Sex, Drugs and R&B: Inside the Weeknd’s Dark Twisted Fantasy

When he first started recording as the Weeknd, Tesfaye was an unlikely star. “I was everything an R&B singer wasn’t,” he says. “I wasn’t in shape. I wasn’t a pretty boy. I was awkward as fuck. I didn’t like the way I looked in pictures — when I saw myself on a digital camera, I was like, ‘Eesh.‘” Instead of his face, his album art and videos featured black-and-white photos of artful nudes — a topless girl in a bathtub, a woman’s ass in a party dress. The aesthetic was American Apparel-style hipster catnip, right down to the Helvetica font.
Early Weeknd songs were atmospheric and chilly, their thick narcotic haze sliced by his broken-glass falsetto. The lyrics were an addiction counselor’s worst nightmare: pills, pain, shame, serotonin, danger. He and his crew posted three songs on YouTube and started spamming their friends on Facebook, then watched the play counts slowly climb. “I don’t know how many it actually was, but it felt like a million,” Tesfaye says. “Five hundred plays? Holy shit!” Toronto being a small town in some ways, the songs were heard by Drake’s manager, Oliver El-Khatib, who posted them to the OVO blog, where they promptly blew up. “Apparently, Drake wasn’t even fucking with it at first,” Tesfaye says today. “Oliver was the one vouching for me.”
The then-anonymous Tesfaye declined all interviews. In part, it was because he worried he wasn’t well-spoken enough: A high school dropout, he used to do crossword puzzles to improve his vocabulary, and to this day, he often wishes he were more articulate. “Me not finishing school — in my head, I still have this insecurity when I’m talking to someone educated,” he says. “I don’t want them looking at me like this fucking retard — no disrespect.” For months, no one even knew if the Weeknd was a person or a group. That’s when Tesfaye realized he “could run with the whole enigmatic thing,” he says now. “If it backfired, I probably would have been doing interviews. But people were kind of liking me being a fucking weirdo.”

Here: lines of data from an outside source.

(* Let $\mathcal{X}$ be a finite alphabet and $\mathcal{W}=\{W_x\}_{x\in\mathcal{X}}$ a classical-quantum channel. Let $n,M$ be integers and $r\in(C_0(\mathcal{W}),C(\mathcal{W}))$. Let $\mathcal{T}_n(\mathcal{X})$ be the set of types of alphabet $\mathcal{X}$ and length $n$, and $\gamma_n=\frac12(n+1)^{-|\mathcal{X}|}$. Then \[ \varepsilon^{\rm NS}\big(M,\mathcal{W}^{\otimes n}\otimes\mathcal{I}_2\big)\ge\inf_{T\in\mathcal{T}_n(\mathcal{X})}\sup_{\sigma\in\mathcal{S}(\mathcal{H}),\,s\ge0}\Big\{\gamma_n\,\mathrm{Tr}\big[W_T^{\otimes n}\wedge Ms\,\sigma^{\otimes n}\big]-s\Big\}, \] where $W_T^{\otimes n}=\bigotimes_{x\in\mathcal{X}}W_x^{\otimes nT_x}$.
   Context: $\mathcal{H}$ finite-dimensional Hilbert space, $\mathcal{S}(\mathcal{H})$ its density operators. A classical-quantum channel is $\mathcal{W}=\{W_x\}_{x\in\mathcal{X}}\subset\mathcal{S}(\mathcal{H})$. A type of length $n$ on $\mathcal{X}$ is a distribution $T=(T_x)_{x\in\mathcal{X}}$ with $nT_x\in\mathbb{N}$ for all $x$. For Hermitian $X=\sum_i\lambda_i\Pi_i$: $|X|=\sum_i|\lambda_i|\Pi_i$, and $A\wedge B=\frac12(A+B-|A-B|)$. For $M>0$: $1-\varepsilon^{\rm NS}(M,\mathcal{W})=\sup\{\frac1M\sum_x\mathrm{Tr}[\Lambda_xW_x]:\sum_x\Lambda_x=\mathbb{I},\ 0\preccurlyeq\Lambda_x\preccurlyeq p(x)\mathbb{I},\ p(x)\ge0,\ \sum_xp(x)=M\}$. $\mathcal{W}^{\otimes n}$ has alphabet $\mathcal{X}^n$ and outputs $W_{x_1}\otimes\cdots\otimes W_{x_n}$; $\mathcal{I}_2$ is the cq channel on $\{1,2\}$ with outputs $|i\rangle\langle i|$; $\mathcal{W}\otimes\mathcal{I}_2$ has alphabet $\mathcal{X}\times\{1,2\}$ and outputs $W_x\otimes|i\rangle\langle i|$. With the Petz Rényi divergence $D_\alpha(\rho\|\sigma)=\frac1{\alpha-1}\log\mathrm{Tr}[\rho^\alpha\sigma^{1-\alpha}]$ ($\alpha\in(0,1)$), $D_1$ the Umegaki relative entropy and $D_0(\rho\|\sigma)=-\log\mathrm{Tr}[\rho^0\sigma]$ ($\rho^0$ the support projection), $C_\alpha(\mathcal{W})=\sup_{p\in\mathcal{P}(\mathcal{X})}\inf_{\sigma}\sum_xp(x)D_\alpha(W_x\|\sigma)$, $C(\mathcal{W})=C_1(\mathcal{W})$. *)

theory Defs
  imports "Jordan_Normal_Form.Schur_Decomposition" "HOL-Library.Extended_Real"
begin

definition mtrace :: "complex mat \<Rightarrow> complex" where
  "mtrace A = (\<Sum>i<dim_row A. A $$ (i, i))"

definition hermitian_mat :: "nat \<Rightarrow> complex mat \<Rightarrow> bool" where
  "hermitian_mat d A \<longleftrightarrow> A \<in> carrier_mat d d \<and> mat_adjoint A = A"

definition psd_mat :: "nat \<Rightarrow> complex mat \<Rightarrow> bool" where
  "psd_mat d A \<longleftrightarrow> hermitian_mat d A \<and>
     (\<forall>v \<in> carrier_vec d. Re (((A *\<^sub>v v) \<bullet>c v)) \<ge> 0 \<and> Im (((A *\<^sub>v v) \<bullet>c v)) = 0)"

definition loewner_le :: "nat \<Rightarrow> complex mat \<Rightarrow> complex mat \<Rightarrow> bool" where
  "loewner_le d A B \<longleftrightarrow> hermitian_mat d A \<and> hermitian_mat d B \<and> psd_mat d (B - A)"

definition density_ops :: "nat \<Rightarrow> complex mat set" where
  "density_ops d = {\<rho>. psd_mat d \<rho> \<and> mtrace \<rho> = 1}"

definition unitary_mat :: "nat \<Rightarrow> complex mat \<Rightarrow> bool" where
  "unitary_mat d U \<longleftrightarrow> U \<in> carrier_mat d d \<and> U * mat_adjoint U = 1\<^sub>m d \<and> mat_adjoint U * U = 1\<^sub>m d"

definition real_diag_mat :: "nat \<Rightarrow> (nat \<Rightarrow> real) \<Rightarrow> complex mat" where
  "real_diag_mat d l = mat d d (\<lambda>(i,j). if i = j then complex_of_real (l i) else 0)"

text \<open>Functional calculus via the spectral decomposition X = U diag(l) U^*:
  f(X) = U diag(f l) U^*. (Meaningful for Hermitian X.)\<close>
definition mat_fun :: "nat \<Rightarrow> (real \<Rightarrow> real) \<Rightarrow> complex mat \<Rightarrow> complex mat" where
  "mat_fun d f X = (SOME Y. \<exists>U l. unitary_mat d U \<and> X = U * real_diag_mat d l * mat_adjoint U
                                   \<and> Y = U * real_diag_mat d (f \<circ> l) * mat_adjoint U)"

The three free mixtapes that followed — House of Balloons, Thursday and Echoes of Silence (all later repackaged and sold as Trilogy) — made him a darling of indie circles, and Tesfaye isn’t shy about praising them. “I probably could have toured off Trilogy for the rest of my life,” he says. “It definitely changed the culture. No one can do a trilogy again without thanking the Weeknd. A lot of artists started doing things faster and quicker after that: Justin Timberlake dropped two albums in a year, Beyoncé dropped a surprise album.” He’s equally proud of the music itself: “I’m not gonna say any names, but just listen to the radio. Every song is House of Balloons 2.0.”